Artikel 3 Groen
3.1 Bestemmingsomschrijving
De voor ‘Groen’ aangewezen gronden zijn bestemd voor:
-
groenvoorzieningen;
-
openbare nutsvoorzieningen en voorzieningen ten behoeve van de waterhuishouding;
-
verkeers- en verblijfsvoorzieningen;
-
waterlopen en -partijen,
3.2 Bouwregels
-
Op of in deze gronden mogen geen gebouwen worden gebouwd.
-
Voor het bouwen van bouwwerken, geen gebouwen zijnde, geldt de volgende regel:
-
de bouwhoogte van bouwwerken, geen gebouwen zijnde, mag niet meer dan 3 m bedragen.
3.3 Specifieke gebruiksregels
Tot een gebruik in strijd met deze bestemming wordt begrepen het gebruik dat afwijkt van de bestemmingsomschrijving, waaronder in ieder geval wordt begrepen:
-
het gebruiken, laten gebruiken of in gebruik geven van gronden als standplaats voor kampeermiddelen;
-
het gebruiken, laten gebruiken of in gebruik geven van gronden en gebouwen ten behoeve van de opslag van goederen en materialen;
-
het gebruiken, laten gebruiken of in gebruik geven van gronden voor het storten van puin en afvalstoffen;
-
het gebruiken, laten gebruiken of in gebruik geven van gronden en gebouwen voor de stalling en/of opslag van (aan het oorspronkelijk gebruik) onttrokken voer-, vaar- of vliegtuigen.
Artikel 4 Maatschappelijk
4.1 Bestemmingsomschrijving
De voor ‘Maatschappelijk’ aangewezen gronden zijn bestemd voor:
-
dienstverlening;
-
maatschappelijke voorzieningen,
-
ondergeschikte detailhandel;
met de daarbij behorende:
-
groenvoorzieningen;
-
openbare nutsvoorzieningen en voorzieningen ten behoeve van de waterhuishouding;
-
verkeers- en verblijfsvoorzieningen;
-
waterlopen en -partijen.
4.2 Bouwregels
-
Voor het bouwen van gebouwen ten behoeve van de in lid 4.1 genoemde functies gelden de volgende regels:
-
gebouwen dienen binnen een bouwvlak te worden gebouwd;
-
de goot- en bouwhoogte van gebouwen mag niet meer bedragen dan de aangegeven goot- en bouwhoogte ter plaatse van de aanduiding “maximale goot- en bouwhoogte (m);
-
de afstand van gebouwen tot de zijdelingse perceelgrens dient ten minste 1,5 m te bedragen;
-
er mogen geen dienstwoningen worden gebouwd.
-
Voor het bouwen van bouwwerken, geen gebouwen zijnde, gelden de volgende regels:
-
de bouwhoogte van terrein- en erfafscheidingen voor de naar de weg gekeerde gevel(s) van gebouwen mag niet meer dan 1 m bedragen;
-
de bouwhoogte van overige terrein- en erfafscheidingen mag niet meer dan 2 m bedragen;
-
de bouwhoogte van vlaggenmasten mag niet meer dan 8 m bedragen;
-
de bouwhoogte van overige bouwwerken, geen gebouwen zijnde, mag niet meer dan 3 m bedragen.
4.3 Nadere eisen
Bij de toepassing van nadere eisen worden de regels als gesteld in artikel 11 onder b in acht genomen.

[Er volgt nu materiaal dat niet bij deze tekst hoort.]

definition Aut :: "(int \<Rightarrow> int) set" where
  "Aut = {g. g permutes U \<and> (\<forall>u\<in>U. \<forall>v\<in>U. cay_adj p S (g u) (g v) = cay_adj p S u v)}"

definition conj_rot :: "int \<Rightarrow> int \<Rightarrow> int" where
  "conj_rot j = F \<circ> rot j \<circ> inv F"

lemma p_gt_1: "1 < int p"
  using prime_gt_1_nat[OF prime] by simp

lemma rot_add: "rot i (rot j x) = rot (i + j) x"
  using p_gt_1 by (simp add: rot_def mod_simps algebra_simps)

lemma rot_0: "rot 0 = id"
  by (auto simp: rot_def fun_eq_iff)

lemma rot_mod: "rot (i mod int p) = rot i"
  by (auto simp: rot_def fun_eq_iff mod_simps)

lemma rot_permutes: "rot i permutes U"
proof (rule bij_imp_permutes)
  have inverse: "rot (- i) (rot i x) = x" "rot i (rot (- i) x) = x" for x
    using rot_add[of "- i" i x] rot_add[of i "- i" x] by (simp_all add: rot_0)
  have "rot j x \<in> U" if "x \<in> U" for j x using that p_gt_1 by (simp add: rot_def)
  then show "bij_betw (rot i) U U"
    by (intro bij_betw_byWitness[where f'="rot (- i)"]) (auto simp: inverse)
qed (auto simp: rot_def)

lemma rot_eq_imp_cong: assumes "rot i = rot j" shows "[i = j] (mod int p)"
  using fun_cong[OF assms, of 0] p_gt_1 by (simp add: rot_def cong_def)

lemma Aut_permutes: "g \<in> Aut \<Longrightarrow> g permutes U"
  by (simp add: Aut_def)

lemma Aut_adj: "g \<in> Aut \<Longrightarrow> u \<in> U \<Longrightarrow> v \<in> U \<Longrightarrow> cay_adj p S (g u) (g v) = cay_adj p S u v"
  by (simp add: Aut_def)

lemma rot_Aut: "rot i \<in> Aut"
  using rot_permutes by (simp add: Aut_def rot_def cay_adj_def mod_diff_eq)

lemma id_Aut: "id \<in> Aut"
  by (simp add: Aut_def permutes_id)

lemma Aut_comp: assumes g: "g \<in> Aut" and h: "h \<in> Aut" shows "g \<circ> h \<in> Aut"
  unfolding Aut_def
proof (intro CollectI conjI ballI)
  show "g \<circ> h permutes U" using Aut_permutes[OF g] Aut_permutes[OF h] by (rule permutes_compose[rotated])
  fix u v assume "u \<in> U" "v \<in> U"
  moreover have "h u \<in> U" "h v \<in> U"
    using \<open>u \<in> U\<close> \<open>v \<in> U\<close> permutes_in_image[OF Aut_permutes[OF h]] by auto
  ultimately show "cay_adj p S ((g \<circ> h) u) ((g \<circ> h) v) = cay_adj p S u v"
    using Aut_adj[OF g] Aut_adj[OF h] by simp
qed

lemma Aut_inv: assumes g: "g \<in> Aut" shows "inv g \<in> Aut"
  unfolding Aut_def
proof (intro CollectI conjI ballI)
  note perm = Aut_permutes[OF g]
  show "inv g permutes U" using permutes_inv[OF perm] .
  fix u v assume "u \<in> U" "v \<in> U"
  then have "cay_adj p S (g (inv g u)) (g (inv g v)) = cay_adj p S (inv g u) (inv g v)"
    using Aut_adj[OF g] permutes_in_image[OF permutes_inv[OF perm]] by simp
  then show "cay_adj p S (inv g u) (inv g v) = cay_adj p S u v"
    by (simp add: permutes_inverses[OF perm])
qed

lemma card_Aut_dvd_fact: "card Aut dvd fact p"
  using card_permutation_group_dvd_fact[of U Aut] Aut_permutes id_Aut Aut_comp Aut_inv
  by auto

lemma F_inv_permutes: "inv F permutes U"
  using permutes_inv[OF F_permutes] .

lemma conj_rot_Aut: "conj_rot j \<in> Aut"
  unfolding Aut_def
proof (intro CollectI conjI ballI)
  show "conj_rot j permutes U"
    unfolding conj_rot_def by (intro permutes_compose F_inv_permutes rot_permutes F_permutes)
  fix u v assume uv: "u \<in> U" "v \<in> U"
  show "cay_adj p S (conj_rot j u) (conj_rot j v) = cay_adj p S u v"
  proof (cases "u = v")
    case False
    define u' v' where "u' = inv F u" and "v' = inv F v"
    have U: "u' \<in> U" "v' \<in> U" "rot j u' \<in> U" "rot j v' \<in> U"
      using uv permutes_in_image[OF F_inv_permutes] permutes_in_image[OF rot_permutes]
      by (auto simp: u'_def v'_def)
    have F: "F u' = u" "F v' = v" using permutes_inverses(1)[OF F_permutes] by (auto simp: u'_def v'_def)
    then have ne: "u' \<noteq> v'" "rot j u' \<noteq> rot j v'"
      using False permutes_inj[OF rot_permutes] by (auto dest: injD)
    have "cay_adj p S (conj_rot j u) (conj_rot j v) = cay_adj p S (F (rot j u')) (F (rot j v'))"
      by (simp add: conj_rot_def u'_def v'_def)
    also have "\<dots> = (\<not> cay_adj p S u' v')"
      using F_complementing[OF U(3,4) ne(2)] Aut_adj[OF rot_Aut[of j] U(1,2)] by blast
    also have "\<dots> = cay_adj p S u v"
      using F_complementing[OF U(1,2) ne(1)] F by simp
    finally show ?thesis .
  qed (simp add: cay_adj_def zero_notin)
qed

lemma conj_rot_add: "conj_rot i (conj_rot j x) = conj_rot (i + j) x"
  by (simp add: conj_rot_def permutes_inverses(2)[OF F_permutes] rot_add)

lemma conj_rot_0: "conj_rot 0 = id"
  by (simp add: conj_rot_def rot_0 fun_eq_iff permutes_inverses(1)[OF F_permutes])

lemma conj_rot_mod: "conj_rot (j mod int p) = conj_rot j"
  by (simp add: conj_rot_def rot_mod)

lemma conj_rot_eq_imp_cong: "conj_rot i = conj_rot j \<Longrightarrow> [i = j] (mod int p)"
proof -
  have "inv F \<circ> conj_rot k \<circ> F = rot k" for k
    by (simp add: fun_eq_iff conj_rot_def permutes_inverses(2)[OF F_permutes])
  then show "conj_rot i = conj_rot j \<Longrightarrow> [i = j] (mod int p)" by (metis rot_eq_imp_cong)
qed

lemma prime_square_not_dvd_card_Aut: "\<not> p ^ 2 dvd card Aut"
  using card_Aut_dvd_fact prime_square_not_dvd_fact[OF prime] dvd_trans by blast

definition twist :: "int \<Rightarrow> (int \<Rightarrow> int) \<Rightarrow> int \<Rightarrow> int \<Rightarrow> int" where
  "twist i g j = rot i \<circ> g \<circ> conj_rot j"

definition intertwining :: "(int \<Rightarrow> int) set" where
  "intertwining = {g \<in> Aut. \<exists>m. rot 1 \<circ> g = g \<circ> conj_rot m}"

lemma twist_twist: "twist i (twist i' g j') j = twist (i + i') g (j' + j)"
  by (simp add: twist_def fun_eq_iff rot_add conj_rot_add)

lemma twist_0: "twist 0 g 0 = g"
  by (simp add: twist_def rot_0 conj_rot_0)

lemma twist_inverse: "twist (- i) (twist i g j) (- j) = g"
  using twist_twist[of "- i" i g j "- j"] twist_0 by simp

lemma twist_mod: "twist (i mod int p) g (j mod int p) = twist i g j"
  by (simp add: twist_def rot_mod conj_rot_mod)

lemma twist_Aut: "g \<in> Aut \<Longrightarrow> twist i g j \<in> Aut"
  unfolding twist_def by (intro Aut_comp rot_Aut conj_rot_Aut)

lemma rot_intertwine_iterate:
  assumes "rot e \<circ> g = g \<circ> conj_rot e'"
  shows "rot (e * int n) \<circ> g = g \<circ> conj_rot (e' * int n)"
proof (induction n)
  case 0
  then show ?case by (simp add: rot_0 conj_rot_0)
next
  case (Suc n)
  have "rot (e * int (Suc n)) \<circ> g = rot e \<circ> (rot (e * int n) \<circ> g)"
    by (simp add: fun_eq_iff rot_add algebra_simps)
  also have "\<dots> = (rot e \<circ> g) \<circ> conj_rot (e' * int n)" by (simp only: Suc.IH comp_assoc)
  also have "\<dots> = g \<circ> conj_rot (e' * int (Suc n))"
    by (simp add: assms fun_eq_iff conj_rot_add algebra_simps)
  finally show ?case .
qed

text \<open>Outside \<open>intertwining\<close> the action is free: a nontrivial \<open>rot i \<circ> g = g \<circ> conj_rot j\<close> with
  \<open>i \<noteq> 0\<close> can be iterated to \<open>i = 1\<close>.\<close>
lemma inj_on_twist:
  assumes g: "g \<in> Aut - intertwining"
  shows "inj_on (\<lambda>(i, j). twist i g j) (U \<times> U)"
proof (rule inj_onI, clarify)
  fix i j i' j' assume ij: "i \<in> U" "j \<in> U" "i' \<in> U" "j' \<in> U"
    and same: "twist i g j = twist i' g j'"
  have "twist (i - i') g 0 = twist 0 g (j' - j)"
    using same twist_twist[of "- i'" i g j "- j"] twist_twist[of "- i'" i' g j' "- j"] by simp
  then have eq: "rot (i - i') \<circ> g = g \<circ> conj_rot (j' - j)" by (simp add: twist_def rot_0 conj_rot_0)
  have "i = i'"
  proof (rule ccontr)
    assume "i \<noteq> i'"
    moreover have "[i = i'] (mod int p) \<Longrightarrow> i = i'" using ij by (simp add: cong_def)
    ultimately have "\<not> int p dvd (i - i')" by (auto simp: cong_iff_dvd_diff)
    then obtain a where a: "a \<in> {1..<int p}" "[a * (i - i') = 1] (mod int p)"
      using inverse_mod_prime[OF prime] by blast
    then have "((i - i') * int (nat a)) mod int p = 1 mod int p"
      by (simp add: cong_def mult.commute)
    then have "rot ((i - i') * int (nat a)) = rot 1" by (metis rot_mod)
    then have "g \<in> intertwining"
      using rot_intertwine_iterate[OF eq, of "nat a"] g by (auto simp: intertwining_def)
    then show False using g by simp
  qed
  with eq have "g \<circ> id = g \<circ> conj_rot (j' - j)" by (simp add: rot_0)
  then have "conj_rot 0 = conj_rot (j' - j)"
    using permutes_inj[OF Aut_permutes] g by (simp add: conj_rot_0 fun_eq_iff inj_eq)
  then have "[0 = j' - j] (mod int p)" by (rule conj_rot_eq_imp_cong)
  then have "[j = j'] (mod int p)" by (simp add: cong_iff_dvd_diff dvd_diff_commute)
  with ij have "j = j'" by (simp add: cong_def)
  with \<open>i = i'\<close> show "i = i' \<and> j = j'" by simp
qed

lemma equiv_twist_orbit_rel: "equiv Aut {(g, h). g \<in> Aut \<and> (\<exists>i j. h = twist i g j)}"
  (is "equiv Aut ?r")
proof (rule equivI)
  show "?r \<subseteq> Aut \<times> Aut" using twist_Aut by auto
  show "refl_on Aut ?r" by (rule refl_onI) (auto intro: exI[of _ 0] twist_0[symmetric])
  show "sym ?r"
  proof (rule symI)
    fix g h assume "(g, h) \<in> ?r"
    then obtain i j where "g \<in> Aut" "h = twist i g j" by auto
    then have "h \<in> Aut" "g = twist (- i) h (- j)" using twist_inverse[of i g j] twist_Aut by auto
    then show "(h, g) \<in> ?r" by blast
  qed
  show "trans ?r" using twist_twist by (auto intro!: transI) blast
qed

lemma twist_orbit:
  assumes "g \<in> Aut"
  shows "{h. \<exists>i j. h = twist i g j} = (\<lambda>(i, j). twist i g j) ` (U \<times> U)"
proof (intro equalityI subsetI)
  fix h assume "h \<in> {h. \<exists>i j. h = twist i g j}"
  then obtain i j where "h = twist (i mod int p) g (j mod int p)" by (auto simp: twist_mod)
  moreover have "(i mod int p, j mod int p) \<in> U \<times> U" using p_gt_1 by simp
  ultimately show "h \<in> (\<lambda>(i, j). twist i g j) ` (U \<times> U)" by force
qed auto

text \<open>Otherwise \<open>\<int>\<^sub>p \<times> \<int>\<^sub>p\<close>, acting by \<open>(i, j) \<cdot> g = twist i g j\<close>, would act freely on \<open>Aut\<close>,
  so \<open>p\<^sup>2\<close> would divide \<open>card Aut\<close>, a divisor of \<open>p!\<close>.\<close>
lemma intertwining_nonempty: "intertwining \<noteq> {}"
proof
  assume empty: "intertwining = {}"
  define r where "r = {(g, h). g \<in> Aut \<and> (\<exists>i j. h = twist i g j)}"
  have "p ^ 2 dvd card X" if in_quotient: "X \<in> Aut // r" for X
  proof -
    obtain g where g: "g \<in> Aut" and X: "X = r `` {g}"
      using in_quotient by (auto elim!: quotientE)
    have "X = {h. \<exists>i j. h = twist i g j}" using g by (auto simp: X r_def)
    then have "X = (\<lambda>(i, j). twist i g j) ` (U \<times> U)" using twist_orbit[OF g] by simp
    then have "card X = card (U \<times> U)"
      using inj_on_twist[of g] g empty by (simp add: card_image)
    then show ?thesis by (simp add: card_cartesian_product power2_eq_square)
  qed
  moreover have "finite Aut"
    using finite_permutations[of U] Aut_permutes by (metis finite_atLeastLessThan_int finite_subset mem_Collect_eq subsetI)
  moreover have "equiv Aut r" unfolding r_def by (rule equiv_twist_orbit_rel)
  ultimately have "p ^ 2 dvd card Aut" by (rule equiv_imp_dvd_card[rotated 2])
  then show False using prime_square_not_dvd_card_Aut by simp
qed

Burgemeester en wethouders kunnen met het oog op het voorkomen van een onevenredige aantasting van:
-
de gebruiksmogelijkheden van aangrenzende gronden;
-
het straat- en bebouwingsbeeld;
-
het uitzicht van woningen;
-
de verkeersveiligheid,
nadere eisen stellen aan de plaats en de omvang van bouwwerken.

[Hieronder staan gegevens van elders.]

lemma bipartition_disjoint: "bipartition V A X Y \<Longrightarrow> u \<in> X \<Longrightarrow> v \<in> Y \<Longrightarrow> u \<noteq> v"
  unfolding bipartition_def by blast

lemma bipartition_complete:
  "bipartition V A X Y \<Longrightarrow> u \<in> X \<Longrightarrow> v \<in> Y \<Longrightarrow> (u, v) \<in> A \<or> (v, u) \<in> A"
  unfolding bipartition_def by blast

lemma ddist_le_two_path:
  assumes "bipartition V A X Y" "(x, z) \<in> A" "(z, y) \<in> A" "x \<noteq> y"
  shows "ddist A x y \<le> 2"
proof -
  have "z \<noteq> x" "z \<noteq> y" using assms(2,3) bipartition_loopless[OF assms(1)] by blast+
  then show ?thesis using ddist_le_2arcs[OF assms(2,3)] assms(4) by simp
qed

lemma same_side_configuration:
  assumes bip: "bipartition V A X Y"
    and xX: "x \<in> X" and yX: "y \<in> X" and xy: "x \<noteq> y"
    and P: "dpath_from_to A p x y"
    and no_xy: "\<And>z. (x, z) \<in> A \<Longrightarrow> (z, y) \<notin> A"
    and no_yx: "\<And>z. (y, z) \<in> A \<Longrightarrow> (z, x) \<notin> A"
  obtains a b c where "distinct [a, b, c, x, y]"
    and "(a, b) \<in> A" "(b, c) \<in> A" "(c, x) \<in> A" "(x, a) \<in> A" "(c, y) \<in> A" "(y, a) \<in> A"
proof -
  note pd = dpath_from_to_nth[OF P]
  have out_x: "(y, z) \<in> A" if "z \<in> Y" "(x, z) \<in> A" for z
    using that no_xy bipartition_complete[OF bip yX] by blast
  have not_out_x: "(z, x) \<in> A \<and> (z, y) \<in> A" if "z \<in> Y" "(x, z) \<notin> A" for z
    using that no_yx bipartition_complete[OF bip] xX yX by blast
  define S where "S = {j. j < length p \<and> (x, p ! j) \<in> A}"
  have "1 \<in> S" using pd(2,3) pd(5)[of 0] unfolding S_def by auto
  define i where "i = Max S"
  have "i \<in> S" unfolding i_def using \<open>1 \<in> S\<close> by (intro Max_in) (auto simp: S_def)
  then have il: "i < length p" and xa: "(x, p ! i) \<in> A" by (auto simp: S_def)
  have imax: "j \<le> i" if "j \<in> S" for j
    unfolding i_def using that by (intro Max_ge) (auto simp: S_def)
  have aY: "p ! i \<in> Y" using bipartition_no_arc_inside(1)[OF bip xX xa] .
  have ya: "(y, p ! i) \<in> A" using out_x[OF aY xa] .
  have "p ! i \<noteq> y" using bipartition_disjoint[OF bip yX aY] by blast
  then have "i \<noteq> length p - 1" using pd(4) by blast
  then have i1: "Suc i < length p" using il by linarith
  have ab: "(p ! i, p ! Suc i) \<in> A" using pd(5)[OF i1] .
  have bX: "p ! Suc i \<in> X" using bipartition_no_arc_inside(1)[OF bipartition_swap[OF bip] aY ab] .
  have "p ! Suc i \<noteq> y" using ab no_xy xa by blast
  then have "Suc i \<noteq> length p - 1" using pd(4) by auto
  then have i2: "Suc (Suc i) < length p" using i1 by linarith
  have bc: "(p ! Suc i, p ! Suc (Suc i)) \<in> A" using pd(5)[OF i2] .
  have cY: "p ! Suc (Suc i) \<in> Y" using bipartition_no_arc_inside(1)[OF bip bX bc] .
  have "Suc (Suc i) \<notin> S" using imax by fastforce
  then have "(x, p ! Suc (Suc i)) \<notin> A" using i2 by (auto simp: S_def)
  then have cx: "(p ! Suc (Suc i), x) \<in> A" and cy: "(p ! Suc (Suc i), y) \<in> A"
    using not_out_x[OF cY] by auto
  have "distinct [p ! i, p ! Suc i, p ! Suc (Suc i)]"
    using pd(1) i2 by (auto simp: nth_eq_iff_index_eq)
  moreover have "p ! Suc i \<noteq> x"
    using pd(3) nth_eq_iff_index_eq[OF pd(1) i1 order.strict_trans[OF zero_less_Suc i1]] by simp
  moreover have "p ! i \<noteq> x" "p ! i \<noteq> y" "p ! Suc (Suc i) \<noteq> x" "p ! Suc (Suc i) \<noteq> y"
    using bipartition_disjoint[OF bip] aY cY xX yX by blast+
  ultimately have "distinct [p ! i, p ! Suc i, p ! Suc (Suc i), x, y]"
    using \<open>p ! Suc i \<noteq> y\<close> xy by simp
  then show thesis using that ab bc cx xa cy ya by blast
qed

lemma two_arc_path_colors: "card (path_colors col [u, w, v]) \<le> 2"
  by (simp add: card_insert_le_m1)

lemma configuration_return_colors:
  assumes "C4C4_at_most_colored A col k" "distinct [a, b, c, x, y]"
    and "(a, b) \<in> A" "(b, c) \<in> A" "(c, x) \<in> A" "(x, a) \<in> A" "(c, y) \<in> A" "(y, a) \<in> A"
  shows "card (path_colors col [y, a, b, c, x]) \<le> k"
proof -
  let ?E = "{(a, b), (b, c), (c, x), (x, a), (c, y), (y, a)}"
  have "path_colors col [y, a, b, c, x] \<subseteq> col ` ?E" by simp
  then have "card (path_colors col [y, a, b, c, x]) \<le> card (col ` ?E)"
    by (intro card_mono) auto
  also have "\<dots> \<le> k" using assms unfolding C4C4_at_most_colored_def by blast
  finally show ?thesis .
qed

definition no_cheap_return :: "('a \<times> 'a) set \<Rightarrow> ('a \<times> 'a \<Rightarrow> 'c) \<Rightarrow> nat \<Rightarrow> 'a \<Rightarrow> 'a \<Rightarrow> bool" where
  "no_cheap_return A col k y x \<longleftrightarrow>
     (\<forall>q. card (path_colors col q) \<le> k \<longrightarrow> \<not> dpath_from_to A q y x)"

text \<open>Same side: a 2-path from x to y must exist, for otherwise the forced
  configuration yields a return path y a b c x with at most k colours.\<close>

lemma same_side_two_path:
  assumes bip: "bipartition V A X Y" and xX: "x \<in> X" and yX: "y \<in> X" and xy: "x \<noteq> y"
    and P: "dpath_from_to A p x y"
    and C4: "C4C4_at_most_colored A col k" and k2: "2 \<le> k"
    and ret: "no_cheap_return A col k y x"
  shows "\<exists>z. (x, z) \<in> A \<and> (z, y) \<in> A"
proof (rule ccontr)
  assume "\<nexists>z. (x, z) \<in> A \<and> (z, y) \<in> A"
  then have no_xy: "(z, y) \<notin> A" if "(x, z) \<in> A" for z
    using that by blast
  have no_yx: "(z, x) \<notin> A" if yz: "(y, z) \<in> A" for z
  proof
    assume zx: "(z, x) \<in> A"
    have "z \<in> Y" using bipartition_no_arc_inside(1)[OF bip yX yz] .
    then have "z \<noteq> x" "z \<noteq> y" using bipartition_disjoint[OF bip] xX yX by blast+
    then have "dpath_from_to A [y, z, x] y x"
      using dpath_from_to_2arcs[OF yz zx] xy by simp
    moreover have "card (path_colors col [y, z, x]) \<le> k"
      using le_trans[OF two_arc_path_colors k2] .
    ultimately show False using ret unfolding no_cheap_return_def by blast
  qed
  obtain a b c where dist: "distinct [a, b, c, x, y]" and arcs:
    "(a, b) \<in> A" "(b, c) \<in> A" "(c, x) \<in> A" "(x, a) \<in> A" "(c, y) \<in> A" "(y, a) \<in> A"
    using same_side_configuration[OF bip xX yX xy P no_xy no_yx] by blast
  have "dpath_from_to A [y, a, b, c, x] y x"
    using dist arcs by (intro dpath_from_to_4arcs) auto
  then show False
    using ret configuration_return_colors[OF C4 dist arcs] unfolding no_cheap_return_def by blast
qed

text \<open>Different sides: the arc y -> x would be a 1-coloured return path,
  so semicompleteness forces the arc x -> y.\<close>

lemma different_sides_arc:
  assumes bip: "bipartition V A X Y" and "x \<in> X" "y \<in> Y"
    and k1: "1 \<le> k" and ret: "no_cheap_return A col k y x"
  shows "(x, y) \<in> A"
proof -
  have "x \<noteq> y" using bipartition_disjoint[OF bip] assms(2,3) by blast
  have "(x, y) \<in> A \<or> (y, x) \<in> A" using bipartition_complete[OF bip] assms(2,3) by blast
  moreover have "card (path_colors col [y, x]) \<le> k" using k1 by simp
  then have "\<not> dpath_from_to A [y, x] y x" using ret unfolding no_cheap_return_def by blast
  ultimately show ?thesis using dpath_from_to_arc[of y x A] \<open>x \<noteq> y\<close> by blast
qed

lemma ddist_le_2_from_side:
  assumes bip: "bipartition V A X Y" and xX: "x \<in> X" and y: "y \<in> X \<union> Y" and xy: "x \<noteq> y"
    and P: "dpath_from_to A p x y"
    and C4: "C4C4_at_most_colored A col k" and k2: "2 \<le> k"
    and ret: "no_cheap_return A col k y x"
  shows "ddist A x y \<le> 2"
proof (cases "y \<in> X")
  case True
  then obtain z where "(x, z) \<in> A" "(z, y) \<in> A"
    using same_side_two_path[OF bip xX _ xy P C4 k2 ret] by blast
  then show ?thesis using ddist_le_two_path[OF bip] xy by blast
next
  case False
  then have "(x, y) \<in> A" using different_sides_arc[OF bip xX _ _ ret] y k2 by simp
  then show ?thesis using ddist_le_arc[OF _ xy] by fastforce
qed

theorem mainTheorem5:
  fixes V :: "'a set" and A :: "('a \<times> 'a) set" and col :: "'a \<times> 'a \<Rightarrow> nat"
    and m k :: nat and x y :: 'a
  assumes "finite V"
    and "semicomplete_bipartite V A"
    and "col ` A \<subseteq> {1..m}"
    and "k \<in> {2, 3}"
    and "C4C4_at_most_colored A col k"
    and "x \<in> V" and "y \<in> V" and "x \<noteq> y"
    and "\<exists>p. dpath_from_to A p x y \<and> card (path_colors col p) = k"
    and "\<not> (\<exists>q. dpath_from_to A q y x \<and> card (path_colors col q) \<le> k)"
  shows "ddist A x y \<le> 2"
proof -
  obtain X Y where bip: "bipartition V A X Y" using assms(2) semicomplete_bipartite_obtain by blast
  obtain p where P: "dpath_from_to A p x y" using assms(9) by blast
  have k2: "2 \<le> k" using assms(4) by auto
  have ret: "no_cheap_return A col k y x" using assms(10) unfolding no_cheap_return_def by blast
  have sides: "x \<in> X \<union> Y" "y \<in> X \<union> Y" "y \<in> Y \<union> X" using bipartition_sides[OF bip] assms(6,7) by blast+
  then consider "x \<in> X" | "x \<in> Y" by blast
  then show ?thesis
  proof cases
    case 1
    with ddist_le_2_from_side[OF bip _ sides(2) assms(8) P assms(5) k2 ret] show ?thesis .
  next
    case 2
    with ddist_le_2_from_side[OF bipartition_swap[OF bip] _ sides(3) assms(8) P assms(5) k2 ret]
    show ?thesis .
  qed
qed

end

4.4 Afwijken van de bouwregels
Bij de toepassing van de afwijking van de bouwregels bij een omgevingsvergunning worden de regels als gesteld in artikel 11 onder a en c in acht genomen, voor zover van toepassing.
Het bevoegd gezag kan bij een omgevingsvergunning afwijken van:
-
het bepaalde in lid 4.2, sub a, onder 3 voor het bouwen van gebouwen tot op de zijdelingse perceelgrens;
-
het bepaalde in lid 4.2, sub b, onder 4 voor het bouwen van bouwwerken, geen gebouwen zijnde, tot een bouwhoogte van niet meer dan 10 m.
4.5 Specifieke gebruiksregels
Tot een gebruik in strijd met deze bestemming wordt begrepen het gebruik dat afwijkt van de bestemmingsomschrijving, waaronder in ieder geval wordt begrepen:
-
het gebruiken, laten gebruiken of in gebruik geven van gronden en bouwwerken ten behoeve van seksinrichtingen;
-
het gebruiken, laten gebruiken of in gebruik geven van gronden als standplaats voor kampeermiddelen;
-
het gebruiken, laten gebruiken of in gebruik geven van gronden en gebouwen ten behoeve van de opslag van goederen en materialen anders dan ter plaatse noodzakelijk voor de uitoefening van de in lid 4.1 onder a, b en c genoemde voorzieningen;
-
het gebruiken, laten gebruiken of in gebruik geven van gronden voor het storten van puin en afvalstoffen;
-
het gebruiken, laten gebruiken of in gebruik geven van gronden en gebouwen voor de stalling en/of opslag van (aan het oorspronkelijk gebruik) onttrokken voer-, vaar- of vliegtuigen.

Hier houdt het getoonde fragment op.